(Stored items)
☆ ☆ ☆ ☆ ☆

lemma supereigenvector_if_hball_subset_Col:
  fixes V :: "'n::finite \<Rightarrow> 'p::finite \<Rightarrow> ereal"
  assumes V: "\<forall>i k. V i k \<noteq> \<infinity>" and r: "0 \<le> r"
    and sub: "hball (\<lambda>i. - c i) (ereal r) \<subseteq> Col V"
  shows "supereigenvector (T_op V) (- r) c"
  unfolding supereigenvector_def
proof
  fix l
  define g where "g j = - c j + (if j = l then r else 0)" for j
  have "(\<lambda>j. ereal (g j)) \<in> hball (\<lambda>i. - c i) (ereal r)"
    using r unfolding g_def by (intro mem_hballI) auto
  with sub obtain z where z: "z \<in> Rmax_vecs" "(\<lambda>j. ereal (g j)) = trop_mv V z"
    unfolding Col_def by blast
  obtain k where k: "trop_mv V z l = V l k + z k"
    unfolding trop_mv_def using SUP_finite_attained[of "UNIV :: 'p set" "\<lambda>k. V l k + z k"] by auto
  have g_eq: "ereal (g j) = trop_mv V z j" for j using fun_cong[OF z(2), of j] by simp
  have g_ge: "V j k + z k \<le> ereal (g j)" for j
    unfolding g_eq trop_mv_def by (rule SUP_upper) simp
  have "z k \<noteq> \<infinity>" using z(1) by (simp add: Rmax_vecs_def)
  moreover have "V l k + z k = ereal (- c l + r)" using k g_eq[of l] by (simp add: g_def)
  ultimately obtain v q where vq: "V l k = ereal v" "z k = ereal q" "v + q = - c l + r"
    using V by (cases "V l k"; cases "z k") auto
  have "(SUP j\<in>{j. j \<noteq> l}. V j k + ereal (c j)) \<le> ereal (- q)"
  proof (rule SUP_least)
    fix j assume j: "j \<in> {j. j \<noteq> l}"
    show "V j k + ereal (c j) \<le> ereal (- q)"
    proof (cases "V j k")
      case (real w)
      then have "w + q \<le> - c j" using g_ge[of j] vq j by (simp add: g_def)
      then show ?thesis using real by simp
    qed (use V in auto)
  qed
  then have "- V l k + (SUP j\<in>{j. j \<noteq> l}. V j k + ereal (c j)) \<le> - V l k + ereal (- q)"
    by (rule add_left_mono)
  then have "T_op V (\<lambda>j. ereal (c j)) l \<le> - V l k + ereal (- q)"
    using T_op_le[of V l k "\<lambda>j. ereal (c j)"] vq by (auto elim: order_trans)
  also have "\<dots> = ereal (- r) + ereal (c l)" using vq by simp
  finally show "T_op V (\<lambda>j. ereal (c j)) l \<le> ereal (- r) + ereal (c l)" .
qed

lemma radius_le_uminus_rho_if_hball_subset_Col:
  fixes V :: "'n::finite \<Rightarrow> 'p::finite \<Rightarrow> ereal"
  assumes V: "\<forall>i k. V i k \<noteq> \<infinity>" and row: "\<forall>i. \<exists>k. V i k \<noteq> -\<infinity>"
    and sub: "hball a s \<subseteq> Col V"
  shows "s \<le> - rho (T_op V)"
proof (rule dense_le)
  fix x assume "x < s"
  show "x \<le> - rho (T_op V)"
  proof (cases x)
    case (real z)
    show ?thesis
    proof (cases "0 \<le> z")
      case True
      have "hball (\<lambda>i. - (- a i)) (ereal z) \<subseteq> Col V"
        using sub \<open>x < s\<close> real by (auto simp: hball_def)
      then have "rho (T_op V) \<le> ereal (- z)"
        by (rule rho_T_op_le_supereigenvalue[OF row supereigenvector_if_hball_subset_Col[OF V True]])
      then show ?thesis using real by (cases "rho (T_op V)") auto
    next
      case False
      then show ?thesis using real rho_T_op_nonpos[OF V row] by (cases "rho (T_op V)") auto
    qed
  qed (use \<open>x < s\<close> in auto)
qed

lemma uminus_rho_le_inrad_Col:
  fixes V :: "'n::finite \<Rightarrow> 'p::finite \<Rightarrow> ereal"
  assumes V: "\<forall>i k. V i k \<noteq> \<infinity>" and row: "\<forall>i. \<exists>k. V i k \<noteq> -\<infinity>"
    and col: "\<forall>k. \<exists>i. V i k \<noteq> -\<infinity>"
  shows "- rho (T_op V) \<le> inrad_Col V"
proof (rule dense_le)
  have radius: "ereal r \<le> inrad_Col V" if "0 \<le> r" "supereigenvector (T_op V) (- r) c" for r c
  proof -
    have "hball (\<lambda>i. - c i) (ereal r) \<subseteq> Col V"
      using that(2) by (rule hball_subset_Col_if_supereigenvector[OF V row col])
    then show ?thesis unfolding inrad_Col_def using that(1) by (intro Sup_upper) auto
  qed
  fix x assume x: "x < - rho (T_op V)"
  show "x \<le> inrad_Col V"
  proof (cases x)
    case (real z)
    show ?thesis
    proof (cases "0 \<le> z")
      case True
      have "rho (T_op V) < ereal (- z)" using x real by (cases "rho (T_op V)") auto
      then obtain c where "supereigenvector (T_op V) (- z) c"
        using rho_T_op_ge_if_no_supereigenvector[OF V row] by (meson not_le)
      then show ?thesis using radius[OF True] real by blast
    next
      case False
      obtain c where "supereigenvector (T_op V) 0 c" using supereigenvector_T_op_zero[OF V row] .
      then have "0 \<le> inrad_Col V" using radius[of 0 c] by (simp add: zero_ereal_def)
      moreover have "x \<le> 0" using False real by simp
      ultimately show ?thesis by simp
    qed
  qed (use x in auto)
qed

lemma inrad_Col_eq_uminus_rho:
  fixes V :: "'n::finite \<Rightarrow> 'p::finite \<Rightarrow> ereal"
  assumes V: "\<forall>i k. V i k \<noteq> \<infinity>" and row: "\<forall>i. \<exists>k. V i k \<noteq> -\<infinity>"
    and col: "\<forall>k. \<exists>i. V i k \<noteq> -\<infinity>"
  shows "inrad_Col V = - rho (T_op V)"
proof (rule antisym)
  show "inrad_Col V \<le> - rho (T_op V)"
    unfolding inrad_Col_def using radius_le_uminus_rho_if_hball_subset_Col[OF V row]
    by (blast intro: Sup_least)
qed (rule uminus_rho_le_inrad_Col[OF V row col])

☆ ☆ ☆ ☆ ☆

- [Task item]:
All of the data above should be reproduced exactly.

- [Task output]:
lemma supereigenvector_if_hball_subset_Col:
  fixes V :: "'n::finite \<Rightarrow> 'p::finite \<Rightarrow> ereal"
  assumes V: "\<forall>i k. V i k \<noteq> \<infinity>" and r: "0 \<le> r"
    and sub: "hball (\<lambda>i. - c i) (ereal r) \<subseteq> Col V"
  shows "supereigenvector (T_op V) (- r) c"
  unfolding supereigenvector_def
proof
  fix l
  define g where "g j = - c j + (if j = l then r else 0)" for j
  have "(\<lambda>j. ereal (g j)) \<in> hball (\<lambda>i. - c i) (ereal r)"
    using r unfolding g_def by (intro mem_hballI) auto
  with sub obtain z where z: "z \<in> Rmax_vecs" "(\<lambda>j. ereal (g j)) = trop_mv V z"
    unfolding Col_def by blast
  obtain k where k: "trop_mv V z l = V l k + z k"
    unfolding trop_mv_def using SUP_finite_attained[of "UNIV :: 'p set" "\<lambda>k. V l k + z k"] by auto
  have g_eq: "ereal (g j) = trop_mv V z j" for j using fun_cong[OF z(2), of j] by simp
  have g_ge: "V j k + z k \<le> ereal (g j)" for j
    unfolding g_eq trop_mv_def by (rule SUP_upper) simp
  have "z k \<noteq> \<infinity>" using z(1) by (simp add: Rmax_vecs_def)
  moreover have "V l k + z k = ereal (- c l + r)" using k g_eq[of l] by (simp add: g_def)
  ultimately obtain v q where vq: "V l k = ereal v" "z k = ereal q" "v + q = - c l + r"
    using V by (cases "V l k"; cases "z k") auto
  have "(SUP j\<in>{j. j \<noteq> l}. V j k + ereal (c j)) \<le> ereal (- q)"
  proof (rule SUP_least)
    fix j assume j: "j \<in> {j. j \<noteq> l}"
    show "V j k + ereal (c j) \<le> ereal (- q)"
    proof (cases "V j k")
      case (real w)
      then have "w + q \<le> - c j" using g_ge[of j] vq j by (simp add: g_def)
      then show ?thesis using real by simp
    qed (use V in auto)
  qed
  then have "- V l k + (SUP j\<in>{j. j \<noteq> l}. V j k + ereal (c j)) \<le> - V l k + ereal (- q)"
    by (rule add_left_mono)
  then have "T_op V (\<lambda>j. ereal (c j)) l \<le> - V l k + ereal (- q)"
    using T_op_le[of V l k "\<lambda>j. ereal (c j)"] vq by (auto elim: order_trans)
  also have "\<dots> = ereal (- r) + ereal (c l)" using vq by simp
  finally show "T_op V (\<lambda>j. ereal (c j)) l \<le> ereal (- r) + ereal (c l)" .
qed

lemma radius_le_uminus_rho_if_hball_subset_Col:
  fixes V :: "'n::finite \<Rightarrow> 'p::finite \<Rightarrow> ereal"
  assumes V: "\<forall>i k. V i k \<noteq> \<infinity>" and row: "\<forall>i. \<exists>k. V i k \<noteq> -\<infinity>"
    and sub: "hball a s \<subseteq> Col V"
  shows "s \<le> - rho (T_op V)"
proof (rule dense_le)
  fix x assume "x < s"
  show "x \<le> - rho (T_op V)"
  proof (cases x)
    case (real z)
    show ?thesis
    proof (cases "0 \<le> z")
      case True
      have "hball (\<lambda>i. - (- a i)) (ereal z) \<subseteq> Col V"
        using sub \<open>x < s\<close> real by (auto simp: hball_def)
      then have "rho (T_op V) \<le> ereal (- z)"
        by (rule rho_T_op_le_supereigenvalue[OF row supereigenvector_if_hball_subset_Col[OF V True]])
      then show ?thesis using real by (cases "rho (T_op V)") auto
    next
      case False
      then show ?thesis using real rho_T_op_nonpos[OF V row] by (cases "rho (T_op V)") auto
    qed
  qed (use \<open>x < s\<close> in auto)
qed

lemma uminus_rho_le_inrad_Col:
  fixes V :: "'n::finite \<Rightarrow> 'p::finite \<Rightarrow> ereal"
  assumes V: "\<forall>i k. V i k \<noteq> \<infinity>" and row: "\<forall>i. \<exists>k. V i k \<noteq> -\<infinity>"
    and col: "\<forall>k. \<exists>i. V i k \<noteq> -\<infinity>"
  shows "- rho (T_op V) \<le> inrad_Col V"
proof (rule dense_le)
  have radius: "ereal r \<le> inrad_Col V" if "0 \<le> r" "supereigenvector (T_op V) (- r) c" for r c
  proof -
    have "hball (\<lambda>i. - c i) (ereal r) \<subseteq> Col V"
      using that(2) by (rule hball_subset_Col_if_supereigenvector[OF V row col])
    then show ?thesis unfolding inrad_Col_def using that(1) by (intro Sup_upper) auto
  qed
  fix x assume x: "x < - rho (T_op V)"
  show "x \<le> inrad_Col V"
  proof (cases x)
    case (real z)
    show ?thesis
    proof (cases "0 \<le> z")
      case True
      have "rho (T_op V) < ereal (- z)" using x real by (cases "rho (T_op V)") auto
      then obtain c where "supereigenvector (T_op V) (- z) c"
        using rho_T_op_ge_if_no_supereigenvector[OF V row] by (meson not_le)
      then show ?thesis using radius[OF True] real by blast
    next
      case False
      obtain c where "supereigenvector (T_op V) 0 c" using supereigenvector_T_op_zero[OF V row] .
      then have "0 \<le> inrad_Col V" using radius[of 0 c] by (simp add: zero_ereal_def)
      moreover have "x \<le> 0" using False real by simp
      ultimately show ?thesis by simp
    qed
  qed (use x in auto)
qed

lemma inrad_Col_eq_uminus_rho:
  fixes V :: "'n::finite \<Rightarrow> 'p::finite \<Rightarrow> ereal"
  assumes V: "\<forall>i k. V i k \<noteq> \<infinity>" and row: "\<forall>i. \<exists>k. V i k \<noteq> -\<infinity>"
    and col: "\<forall>k. \<exists>i. V i k \<noteq> -\<infinity>"
  shows "inrad_Col V = - rho (T_op V)"
proof (rule antisym)
  show "inrad_Col V \<le> - rho (T_op V)"
    unfolding inrad_Col_def using radius_le_uminus_rho_if_hball_subset_Col[OF V row]
    by (blast intro: Sup_least)
qed (rule uminus_rho_le_inrad_Col[OF V row col])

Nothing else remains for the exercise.